YOUR GOAL: Please find all lines in the data that hold the string "card" and copy them.
━━ RECORDS FOR THE TASK
(* Let $\Gamma$ be a subgroup of $\mathbb{R}$ commensurable with $\mathbb{Z}$ (i.e. an arithmetic lattice for $G(\mathbb{Z})=\mathbb{Z}$, $G(\mathbb{R})=\mathbb{R}$). Then $\log(\mathbf{C}_n(\Gamma,\mathbb{R})) \simeq \log(n)$. More precisely, $$ n (\log n)^{\log 2} \preceq \mathbf{C}_n(\Gamma,\mathbb{R}) \preceq n \log n. $$
   Context: For subgroups $\Delta_1,\Delta_2$ of a group, $c(\Delta_1,\Delta_2) = [\Delta_1:\Delta_1\cap\Delta_2][\Delta_2:\Delta_1\cap\Delta_2]$. $\mathbf{C}_n(\Gamma,\mathbb{R})$ is the number of subgroups $\Delta \leq \mathbb{R}$ with $c(\Gamma,\Delta) \leq n$. For functions $f,g$ on $\mathbb{N}$, $f \preceq g$ means there exists $C>0$ with $f(n) \leq C g(Cn)$ for all $n$; $f \simeq g$ means $f\preceq g$ and $g \preceq f$. $\log$ denotes the natural logarithm. *)

theory Defs
  imports Complex_Main
begin

definition add_subgroup :: "real set \<Rightarrow> bool" where
  "add_subgroup S \<longleftrightarrow> 0 \<in> S \<and> (\<forall>x\<in>S. \<forall>y\<in>S. x + y \<in> S) \<and> (\<forall>x\<in>S. - x \<in> S)"

definition rel_cosets :: "real set \<Rightarrow> real set \<Rightarrow> real set set" where
  "rel_cosets A B = {{x + y | y. y \<in> A \<inter> B} | x. x \<in> A}"

definition rel_index :: "real set \<Rightarrow> real set \<Rightarrow> nat" where
  "rel_index A B = card (rel_cosets A B)"

definition commensurable :: "real set \<Rightarrow> real set \<Rightarrow> bool" where
  "commensurable A B \<longleftrightarrow> finite (rel_cosets A B) \<and> finite (rel_cosets B A)"

text \<open>c(A,B) = [A : A\<inter>B][B : A\<inter>B] (only meaningful when commensurable;
  otherwise c is infinite).\<close>
definition cval :: "real set \<Rightarrow> real set \<Rightarrow> nat" where
  "cval A B = rel_index A B * rel_index B A"

text \<open>C_n(\<Gamma>, \<real>): number of subgroups \<Delta> of \<real> with c(\<Gamma>,\<Delta>) \<le> n
  (c is finite exactly when \<Gamma>, \<Delta> are commensurable).\<close>
definition Cn :: "real set \<Rightarrow> nat \<Rightarrow> nat" where
  "Cn \<Gamma> n = card {\<Delta>. add_subgroup \<Delta> \<and> commensurable \<Gamma> \<Delta> \<and> cval \<Gamma> \<Delta> \<le> n}"

definition preceq :: "(nat \<Rightarrow> real) \<Rightarrow> (nat \<Rightarrow> real) \<Rightarrow> bool" where
  "preceq f g \<longleftrightarrow> (\<exists>C::nat. C > 0 \<and> (\<forall>n. f n \<le> real C * g (C * n)))"

definition simeq :: "(nat \<Rightarrow> real) \<Rightarrow> (nat \<Rightarrow> real) \<Rightarrow> bool" where
  "simeq f g \<longleftrightarrow> preceq f g \<and> preceq g f"

end

theory Submission
  imports Defs "HOL-Analysis.Harmonic_Numbers"
begin

text \<open>A subgroup of \<real> commensurable with \<Gamma> = r\<int> has bounded denominators over r\<int>, so it is
  cyclic, of the form (ra/b)\<int> with a, b coprime, and c(\<Gamma>, (ra/b)\<int>) = ab. Hence C_n(\<Gamma>, \<real>)
  counts the coprime pairs (a, b) with ab \<le> n. All pairs with ab \<le> n number
  \<Sum>_{a \<le> n} \<lfloor>n/a\<rfloor> = n log n + O(n); dividing out the gcd g bounds this by \<Sum>_g C_{n/g^2}, and as
  \<Sum>_{g \<ge> 2} 1/g^2 < 3/4, the coprime pairs alone number at least n log n / 4 - O(n), which is
  more than the claimed lower bound n (log n)^(log 2).\<close>

section \<open>Subgroups of \<real> commensurable with r\<int>\<close>

definition int_multiples :: "real \<Rightarrow> real set" where
  "int_multiples u = range (\<lambda>i::int. u * of_int i)"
━━━━
RESPONSE BOX:
  "rel_index A B = card (rel_cosets A B)"
  "Cn \<Gamma> n = card {\<Delta>. add_subgroup \<Delta> \<and> commensurable \<Gamma> \<Delta> \<and> cval \<Gamma> \<Delta> \<le> n}"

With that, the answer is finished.